[THE TASK] Using the data below, return the stretch from the line that contains "text \<open>Sublinear expectation" through the line that contains "by the other", both included, exactly as it stands and nothing beyond it.

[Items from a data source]
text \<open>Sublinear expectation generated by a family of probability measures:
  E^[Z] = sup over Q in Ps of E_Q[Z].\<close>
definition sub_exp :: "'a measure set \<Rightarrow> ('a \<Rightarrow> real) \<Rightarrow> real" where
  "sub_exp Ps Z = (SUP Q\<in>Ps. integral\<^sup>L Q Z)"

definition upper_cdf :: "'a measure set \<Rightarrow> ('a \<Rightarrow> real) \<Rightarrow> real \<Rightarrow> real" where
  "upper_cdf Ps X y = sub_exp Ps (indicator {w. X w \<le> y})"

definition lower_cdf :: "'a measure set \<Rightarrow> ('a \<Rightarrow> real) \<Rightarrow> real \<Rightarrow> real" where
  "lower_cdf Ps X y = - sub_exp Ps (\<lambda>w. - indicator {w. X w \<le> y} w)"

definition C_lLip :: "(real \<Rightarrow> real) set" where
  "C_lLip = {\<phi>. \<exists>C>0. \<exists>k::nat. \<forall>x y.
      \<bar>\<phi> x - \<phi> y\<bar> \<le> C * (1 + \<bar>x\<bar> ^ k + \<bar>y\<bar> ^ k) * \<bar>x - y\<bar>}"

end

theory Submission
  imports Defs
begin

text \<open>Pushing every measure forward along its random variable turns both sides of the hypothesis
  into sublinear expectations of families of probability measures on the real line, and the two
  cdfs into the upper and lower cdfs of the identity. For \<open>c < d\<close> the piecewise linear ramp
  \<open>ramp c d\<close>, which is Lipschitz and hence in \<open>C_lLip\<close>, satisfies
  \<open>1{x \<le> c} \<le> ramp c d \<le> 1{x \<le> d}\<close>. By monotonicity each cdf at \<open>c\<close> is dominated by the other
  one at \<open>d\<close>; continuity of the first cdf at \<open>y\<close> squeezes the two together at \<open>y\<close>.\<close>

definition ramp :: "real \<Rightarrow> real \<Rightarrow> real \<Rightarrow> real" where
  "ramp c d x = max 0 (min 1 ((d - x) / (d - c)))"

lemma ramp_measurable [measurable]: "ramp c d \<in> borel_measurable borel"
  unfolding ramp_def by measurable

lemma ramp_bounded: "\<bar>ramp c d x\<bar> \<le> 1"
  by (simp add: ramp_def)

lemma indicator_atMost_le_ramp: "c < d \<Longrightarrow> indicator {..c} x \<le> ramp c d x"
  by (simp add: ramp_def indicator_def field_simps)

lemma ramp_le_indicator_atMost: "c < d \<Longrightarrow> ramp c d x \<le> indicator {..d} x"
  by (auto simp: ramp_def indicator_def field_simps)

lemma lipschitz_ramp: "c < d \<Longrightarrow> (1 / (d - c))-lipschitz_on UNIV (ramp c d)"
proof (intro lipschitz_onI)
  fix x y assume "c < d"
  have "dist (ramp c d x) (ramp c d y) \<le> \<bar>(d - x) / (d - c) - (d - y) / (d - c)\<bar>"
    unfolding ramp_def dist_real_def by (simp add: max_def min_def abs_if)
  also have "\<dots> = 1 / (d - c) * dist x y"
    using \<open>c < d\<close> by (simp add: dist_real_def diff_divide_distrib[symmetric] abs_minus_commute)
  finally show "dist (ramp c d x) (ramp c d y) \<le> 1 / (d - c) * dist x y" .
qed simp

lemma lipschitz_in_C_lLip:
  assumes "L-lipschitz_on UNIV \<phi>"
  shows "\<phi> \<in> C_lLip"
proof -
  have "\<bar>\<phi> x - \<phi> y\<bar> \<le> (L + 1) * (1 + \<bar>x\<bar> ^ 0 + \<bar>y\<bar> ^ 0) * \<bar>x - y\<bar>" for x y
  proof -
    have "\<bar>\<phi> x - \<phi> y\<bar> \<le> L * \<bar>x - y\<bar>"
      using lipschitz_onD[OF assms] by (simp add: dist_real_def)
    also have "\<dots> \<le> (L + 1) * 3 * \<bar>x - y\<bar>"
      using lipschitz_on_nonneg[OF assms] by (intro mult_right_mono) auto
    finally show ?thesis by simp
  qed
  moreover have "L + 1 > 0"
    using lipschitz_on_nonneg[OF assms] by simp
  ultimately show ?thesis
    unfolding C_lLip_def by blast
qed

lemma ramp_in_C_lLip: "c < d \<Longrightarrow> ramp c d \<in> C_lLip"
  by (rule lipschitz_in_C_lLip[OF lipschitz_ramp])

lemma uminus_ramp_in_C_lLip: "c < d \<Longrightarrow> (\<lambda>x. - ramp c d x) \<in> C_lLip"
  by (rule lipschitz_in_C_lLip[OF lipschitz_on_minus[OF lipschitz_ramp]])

---

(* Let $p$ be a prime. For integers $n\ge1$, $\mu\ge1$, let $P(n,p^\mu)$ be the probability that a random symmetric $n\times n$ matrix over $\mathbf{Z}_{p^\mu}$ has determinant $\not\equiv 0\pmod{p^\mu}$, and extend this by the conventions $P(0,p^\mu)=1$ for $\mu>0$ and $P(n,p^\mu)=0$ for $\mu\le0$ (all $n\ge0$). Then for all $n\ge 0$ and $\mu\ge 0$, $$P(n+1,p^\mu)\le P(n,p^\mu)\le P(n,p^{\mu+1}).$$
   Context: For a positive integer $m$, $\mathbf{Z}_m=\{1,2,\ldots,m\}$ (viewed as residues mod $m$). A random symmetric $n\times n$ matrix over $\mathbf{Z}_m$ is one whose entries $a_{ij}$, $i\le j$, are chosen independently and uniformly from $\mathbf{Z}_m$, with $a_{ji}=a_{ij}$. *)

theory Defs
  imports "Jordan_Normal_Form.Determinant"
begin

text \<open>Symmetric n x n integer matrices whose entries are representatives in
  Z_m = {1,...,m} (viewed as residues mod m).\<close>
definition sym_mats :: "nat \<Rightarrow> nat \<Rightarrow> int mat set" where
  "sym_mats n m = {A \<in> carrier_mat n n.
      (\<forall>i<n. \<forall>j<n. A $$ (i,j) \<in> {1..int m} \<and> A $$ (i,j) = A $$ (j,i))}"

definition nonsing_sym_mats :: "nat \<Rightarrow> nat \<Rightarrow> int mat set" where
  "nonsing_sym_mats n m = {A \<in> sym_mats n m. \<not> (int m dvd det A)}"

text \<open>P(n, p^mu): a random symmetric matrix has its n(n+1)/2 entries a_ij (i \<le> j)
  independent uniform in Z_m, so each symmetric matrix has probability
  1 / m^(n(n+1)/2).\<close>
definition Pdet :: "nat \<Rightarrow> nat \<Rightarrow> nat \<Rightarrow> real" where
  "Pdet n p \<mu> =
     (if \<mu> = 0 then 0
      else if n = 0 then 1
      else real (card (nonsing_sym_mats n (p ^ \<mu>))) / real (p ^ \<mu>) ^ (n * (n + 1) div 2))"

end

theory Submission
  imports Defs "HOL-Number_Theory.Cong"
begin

* * *

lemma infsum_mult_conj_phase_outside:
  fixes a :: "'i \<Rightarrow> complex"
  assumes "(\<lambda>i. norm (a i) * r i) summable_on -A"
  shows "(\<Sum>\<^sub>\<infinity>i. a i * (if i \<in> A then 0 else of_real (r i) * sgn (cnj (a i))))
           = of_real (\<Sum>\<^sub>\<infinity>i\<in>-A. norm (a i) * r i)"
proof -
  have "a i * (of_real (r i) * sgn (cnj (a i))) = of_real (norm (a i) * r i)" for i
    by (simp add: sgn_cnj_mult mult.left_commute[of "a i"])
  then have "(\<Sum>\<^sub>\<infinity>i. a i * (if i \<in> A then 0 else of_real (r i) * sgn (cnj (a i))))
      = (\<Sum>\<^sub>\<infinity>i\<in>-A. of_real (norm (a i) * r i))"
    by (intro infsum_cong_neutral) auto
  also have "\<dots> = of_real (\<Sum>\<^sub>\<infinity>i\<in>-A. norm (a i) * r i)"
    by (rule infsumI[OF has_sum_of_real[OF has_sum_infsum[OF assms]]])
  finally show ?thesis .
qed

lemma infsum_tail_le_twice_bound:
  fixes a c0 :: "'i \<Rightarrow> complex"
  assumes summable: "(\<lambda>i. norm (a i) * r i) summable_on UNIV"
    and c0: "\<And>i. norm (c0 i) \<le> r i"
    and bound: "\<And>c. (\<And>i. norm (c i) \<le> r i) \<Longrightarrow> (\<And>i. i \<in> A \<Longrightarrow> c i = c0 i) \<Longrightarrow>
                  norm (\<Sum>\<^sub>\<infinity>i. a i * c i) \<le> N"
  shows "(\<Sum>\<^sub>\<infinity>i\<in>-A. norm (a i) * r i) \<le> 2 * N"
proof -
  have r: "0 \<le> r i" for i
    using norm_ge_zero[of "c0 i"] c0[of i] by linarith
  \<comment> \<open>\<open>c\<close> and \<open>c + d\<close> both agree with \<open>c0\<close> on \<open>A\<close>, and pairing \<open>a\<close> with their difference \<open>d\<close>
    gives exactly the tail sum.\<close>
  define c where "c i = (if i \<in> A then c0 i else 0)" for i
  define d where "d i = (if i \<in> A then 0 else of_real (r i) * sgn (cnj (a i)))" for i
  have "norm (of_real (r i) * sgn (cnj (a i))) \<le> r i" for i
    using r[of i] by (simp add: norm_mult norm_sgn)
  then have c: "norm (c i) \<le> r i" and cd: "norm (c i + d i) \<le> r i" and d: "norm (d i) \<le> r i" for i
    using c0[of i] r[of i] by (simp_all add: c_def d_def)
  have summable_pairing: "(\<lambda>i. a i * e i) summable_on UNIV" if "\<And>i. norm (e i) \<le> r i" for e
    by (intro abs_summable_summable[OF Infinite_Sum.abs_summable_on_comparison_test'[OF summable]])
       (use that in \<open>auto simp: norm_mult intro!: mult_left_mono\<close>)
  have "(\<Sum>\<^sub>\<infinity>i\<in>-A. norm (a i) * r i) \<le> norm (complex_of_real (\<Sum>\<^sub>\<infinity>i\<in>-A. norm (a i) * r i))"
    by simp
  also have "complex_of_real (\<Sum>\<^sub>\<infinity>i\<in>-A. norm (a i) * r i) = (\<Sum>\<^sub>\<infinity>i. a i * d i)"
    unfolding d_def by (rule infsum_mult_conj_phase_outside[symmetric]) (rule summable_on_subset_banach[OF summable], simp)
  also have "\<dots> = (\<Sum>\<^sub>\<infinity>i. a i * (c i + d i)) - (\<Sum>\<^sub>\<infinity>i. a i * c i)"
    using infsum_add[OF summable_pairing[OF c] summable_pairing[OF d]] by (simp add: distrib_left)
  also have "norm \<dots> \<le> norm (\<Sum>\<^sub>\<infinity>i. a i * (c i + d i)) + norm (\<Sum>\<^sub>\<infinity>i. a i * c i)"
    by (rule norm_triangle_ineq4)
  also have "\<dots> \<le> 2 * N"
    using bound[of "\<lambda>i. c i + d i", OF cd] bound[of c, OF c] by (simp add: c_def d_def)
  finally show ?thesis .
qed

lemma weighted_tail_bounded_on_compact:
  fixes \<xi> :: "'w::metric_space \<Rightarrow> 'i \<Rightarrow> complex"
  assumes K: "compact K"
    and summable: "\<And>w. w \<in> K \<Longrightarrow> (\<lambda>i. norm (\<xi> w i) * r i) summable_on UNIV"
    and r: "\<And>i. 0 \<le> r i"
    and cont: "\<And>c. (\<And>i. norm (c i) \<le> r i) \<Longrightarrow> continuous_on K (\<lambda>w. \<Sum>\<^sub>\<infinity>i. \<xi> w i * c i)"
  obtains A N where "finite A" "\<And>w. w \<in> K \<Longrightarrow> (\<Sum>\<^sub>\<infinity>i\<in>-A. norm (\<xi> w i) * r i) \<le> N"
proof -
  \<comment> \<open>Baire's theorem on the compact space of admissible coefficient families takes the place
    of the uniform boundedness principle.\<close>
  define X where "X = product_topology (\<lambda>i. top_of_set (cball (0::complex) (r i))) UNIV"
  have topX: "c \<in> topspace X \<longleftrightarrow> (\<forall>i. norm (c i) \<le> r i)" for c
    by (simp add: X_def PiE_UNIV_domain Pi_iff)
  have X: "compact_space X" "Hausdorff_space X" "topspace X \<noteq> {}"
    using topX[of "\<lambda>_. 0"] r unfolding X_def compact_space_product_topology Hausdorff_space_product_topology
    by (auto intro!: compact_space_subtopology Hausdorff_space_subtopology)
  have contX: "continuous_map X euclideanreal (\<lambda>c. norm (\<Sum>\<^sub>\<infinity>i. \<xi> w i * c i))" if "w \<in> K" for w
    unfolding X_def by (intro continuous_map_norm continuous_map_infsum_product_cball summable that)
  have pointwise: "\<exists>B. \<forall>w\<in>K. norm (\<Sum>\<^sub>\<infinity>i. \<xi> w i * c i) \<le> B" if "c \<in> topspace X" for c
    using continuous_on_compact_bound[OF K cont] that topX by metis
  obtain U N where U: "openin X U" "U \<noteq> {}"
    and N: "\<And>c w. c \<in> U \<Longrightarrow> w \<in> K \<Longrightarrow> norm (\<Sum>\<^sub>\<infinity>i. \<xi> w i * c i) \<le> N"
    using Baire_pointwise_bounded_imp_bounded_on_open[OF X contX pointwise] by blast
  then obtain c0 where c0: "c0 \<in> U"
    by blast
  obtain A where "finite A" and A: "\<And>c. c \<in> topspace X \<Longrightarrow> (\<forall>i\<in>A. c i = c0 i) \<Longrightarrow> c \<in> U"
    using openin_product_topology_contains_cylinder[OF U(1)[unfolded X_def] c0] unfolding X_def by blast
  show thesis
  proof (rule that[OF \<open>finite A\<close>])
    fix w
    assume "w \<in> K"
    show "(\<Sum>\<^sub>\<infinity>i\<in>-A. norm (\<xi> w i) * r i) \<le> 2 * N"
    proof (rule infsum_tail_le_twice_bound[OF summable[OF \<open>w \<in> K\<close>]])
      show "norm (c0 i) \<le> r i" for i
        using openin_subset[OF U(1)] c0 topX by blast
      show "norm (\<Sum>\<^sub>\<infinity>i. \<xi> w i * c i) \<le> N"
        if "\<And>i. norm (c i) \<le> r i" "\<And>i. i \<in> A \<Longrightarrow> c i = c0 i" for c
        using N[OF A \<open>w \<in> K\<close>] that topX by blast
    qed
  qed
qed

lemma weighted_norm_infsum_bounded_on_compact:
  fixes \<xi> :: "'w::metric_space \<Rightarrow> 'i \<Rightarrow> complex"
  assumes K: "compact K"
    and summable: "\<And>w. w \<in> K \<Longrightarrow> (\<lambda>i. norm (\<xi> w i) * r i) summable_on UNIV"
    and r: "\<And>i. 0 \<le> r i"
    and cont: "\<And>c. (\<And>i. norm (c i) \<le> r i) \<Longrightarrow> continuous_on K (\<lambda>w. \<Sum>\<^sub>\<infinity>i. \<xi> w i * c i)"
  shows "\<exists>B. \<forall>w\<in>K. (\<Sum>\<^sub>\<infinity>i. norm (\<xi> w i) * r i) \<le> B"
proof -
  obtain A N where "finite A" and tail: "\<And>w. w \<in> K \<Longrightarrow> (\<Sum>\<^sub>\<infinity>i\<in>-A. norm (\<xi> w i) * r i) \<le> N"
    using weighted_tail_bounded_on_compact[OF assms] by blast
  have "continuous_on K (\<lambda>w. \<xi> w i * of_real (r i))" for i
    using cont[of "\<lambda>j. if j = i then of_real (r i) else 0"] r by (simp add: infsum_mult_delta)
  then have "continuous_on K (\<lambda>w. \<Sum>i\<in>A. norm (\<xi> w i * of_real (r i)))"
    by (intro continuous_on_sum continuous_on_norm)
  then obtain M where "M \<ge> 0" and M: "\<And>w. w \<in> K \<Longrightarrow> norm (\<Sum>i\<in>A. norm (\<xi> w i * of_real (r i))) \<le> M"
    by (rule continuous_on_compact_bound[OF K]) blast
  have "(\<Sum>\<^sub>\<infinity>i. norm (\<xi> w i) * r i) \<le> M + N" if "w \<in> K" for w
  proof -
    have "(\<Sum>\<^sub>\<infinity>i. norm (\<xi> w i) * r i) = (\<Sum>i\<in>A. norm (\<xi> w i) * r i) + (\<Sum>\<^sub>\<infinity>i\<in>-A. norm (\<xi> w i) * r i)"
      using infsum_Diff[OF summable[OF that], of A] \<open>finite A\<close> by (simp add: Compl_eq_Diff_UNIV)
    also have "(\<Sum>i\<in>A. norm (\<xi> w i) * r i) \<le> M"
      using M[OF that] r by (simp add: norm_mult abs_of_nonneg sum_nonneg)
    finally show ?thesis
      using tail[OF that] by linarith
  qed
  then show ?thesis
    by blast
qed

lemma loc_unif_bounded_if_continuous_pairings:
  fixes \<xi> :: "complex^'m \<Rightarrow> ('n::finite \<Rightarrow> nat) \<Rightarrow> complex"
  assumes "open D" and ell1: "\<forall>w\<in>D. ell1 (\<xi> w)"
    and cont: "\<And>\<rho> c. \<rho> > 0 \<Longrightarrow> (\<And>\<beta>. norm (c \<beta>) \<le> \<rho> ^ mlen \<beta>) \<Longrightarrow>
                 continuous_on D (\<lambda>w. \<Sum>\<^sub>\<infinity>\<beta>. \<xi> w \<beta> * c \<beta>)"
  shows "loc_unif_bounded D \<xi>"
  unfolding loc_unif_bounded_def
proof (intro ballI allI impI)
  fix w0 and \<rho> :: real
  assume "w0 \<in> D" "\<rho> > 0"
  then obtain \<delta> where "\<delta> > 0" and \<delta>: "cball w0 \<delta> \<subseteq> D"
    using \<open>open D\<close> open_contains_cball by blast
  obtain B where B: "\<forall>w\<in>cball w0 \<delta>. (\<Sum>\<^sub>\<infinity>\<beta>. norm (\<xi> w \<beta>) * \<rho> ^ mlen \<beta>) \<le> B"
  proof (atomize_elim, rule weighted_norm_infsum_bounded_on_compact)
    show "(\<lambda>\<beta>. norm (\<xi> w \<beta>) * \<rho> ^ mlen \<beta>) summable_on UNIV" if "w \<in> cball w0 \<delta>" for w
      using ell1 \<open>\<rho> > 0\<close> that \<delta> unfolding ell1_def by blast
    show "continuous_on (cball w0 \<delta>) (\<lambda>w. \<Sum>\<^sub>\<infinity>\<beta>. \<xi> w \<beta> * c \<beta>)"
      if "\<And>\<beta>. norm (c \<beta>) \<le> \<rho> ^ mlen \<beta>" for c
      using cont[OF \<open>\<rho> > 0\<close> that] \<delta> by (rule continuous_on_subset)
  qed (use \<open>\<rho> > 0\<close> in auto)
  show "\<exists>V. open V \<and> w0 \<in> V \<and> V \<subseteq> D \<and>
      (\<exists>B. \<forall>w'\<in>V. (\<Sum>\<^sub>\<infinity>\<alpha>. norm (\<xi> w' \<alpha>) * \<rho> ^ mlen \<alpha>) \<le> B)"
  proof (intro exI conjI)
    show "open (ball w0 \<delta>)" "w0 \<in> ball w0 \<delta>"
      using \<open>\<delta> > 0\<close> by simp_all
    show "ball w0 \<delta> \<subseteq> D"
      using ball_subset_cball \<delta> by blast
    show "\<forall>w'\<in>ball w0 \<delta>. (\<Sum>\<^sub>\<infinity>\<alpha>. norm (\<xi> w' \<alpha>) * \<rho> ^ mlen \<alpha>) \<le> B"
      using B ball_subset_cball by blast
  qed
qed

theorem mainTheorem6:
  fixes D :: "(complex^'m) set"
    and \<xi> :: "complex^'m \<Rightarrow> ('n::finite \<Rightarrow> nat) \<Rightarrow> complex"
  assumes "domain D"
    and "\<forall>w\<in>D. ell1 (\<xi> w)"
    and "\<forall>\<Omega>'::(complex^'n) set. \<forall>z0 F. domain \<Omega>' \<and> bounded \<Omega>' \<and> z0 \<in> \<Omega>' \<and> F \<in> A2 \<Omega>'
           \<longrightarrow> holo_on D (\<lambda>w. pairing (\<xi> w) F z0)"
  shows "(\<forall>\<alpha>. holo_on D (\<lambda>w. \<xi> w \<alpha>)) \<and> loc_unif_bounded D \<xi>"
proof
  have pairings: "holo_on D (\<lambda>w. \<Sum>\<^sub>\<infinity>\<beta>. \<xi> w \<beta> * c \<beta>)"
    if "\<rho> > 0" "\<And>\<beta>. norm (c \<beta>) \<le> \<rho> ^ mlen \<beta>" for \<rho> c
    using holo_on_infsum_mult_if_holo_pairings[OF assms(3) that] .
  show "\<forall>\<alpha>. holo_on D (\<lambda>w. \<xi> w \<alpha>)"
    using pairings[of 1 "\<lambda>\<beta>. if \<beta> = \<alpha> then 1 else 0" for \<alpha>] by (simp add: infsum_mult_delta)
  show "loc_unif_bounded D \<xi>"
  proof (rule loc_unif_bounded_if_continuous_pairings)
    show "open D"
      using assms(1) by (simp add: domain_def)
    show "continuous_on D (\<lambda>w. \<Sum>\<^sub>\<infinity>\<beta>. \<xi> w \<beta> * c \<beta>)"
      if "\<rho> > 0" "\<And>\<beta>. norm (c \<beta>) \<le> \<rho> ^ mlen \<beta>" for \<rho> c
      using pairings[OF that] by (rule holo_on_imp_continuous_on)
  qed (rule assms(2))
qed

[TASK ANSWER]
text \<open>Sublinear expectation generated by a family of probability measures:
  E^[Z] = sup over Q in Ps of E_Q[Z].\<close>
definition sub_exp :: "'a measure set \<Rightarrow> ('a \<Rightarrow> real) \<Rightarrow> real" where
  "sub_exp Ps Z = (SUP Q\<in>Ps. integral\<^sup>L Q Z)"

definition upper_cdf :: "'a measure set \<Rightarrow> ('a \<Rightarrow> real) \<Rightarrow> real \<Rightarrow> real" where
  "upper_cdf Ps X y = sub_exp Ps (indicator {w. X w \<le> y})"

definition lower_cdf :: "'a measure set \<Rightarrow> ('a \<Rightarrow> real) \<Rightarrow> real \<Rightarrow> real" where
  "lower_cdf Ps X y = - sub_exp Ps (\<lambda>w. - indicator {w. X w \<le> y} w)"

definition C_lLip :: "(real \<Rightarrow> real) set" where
  "C_lLip = {\<phi>. \<exists>C>0. \<exists>k::nat. \<forall>x y.
      \<bar>\<phi> x - \<phi> y\<bar> \<le> C * (1 + \<bar>x\<bar> ^ k + \<bar>y\<bar> ^ k) * \<bar>x - y\<bar>}"

end

theory Submission
  imports Defs
begin

text \<open>Pushing every measure forward along its random variable turns both sides of the hypothesis
  into sublinear expectations of families of probability measures on the real line, and the two
  cdfs into the upper and lower cdfs of the identity. For \<open>c < d\<close> the piecewise linear ramp
  \<open>ramp c d\<close>, which is Lipschitz and hence in \<open>C_lLip\<close>, satisfies
  \<open>1{x \<le> c} \<le> ramp c d \<le> 1{x \<le> d}\<close>. By monotonicity each cdf at \<open>c\<close> is dominated by the other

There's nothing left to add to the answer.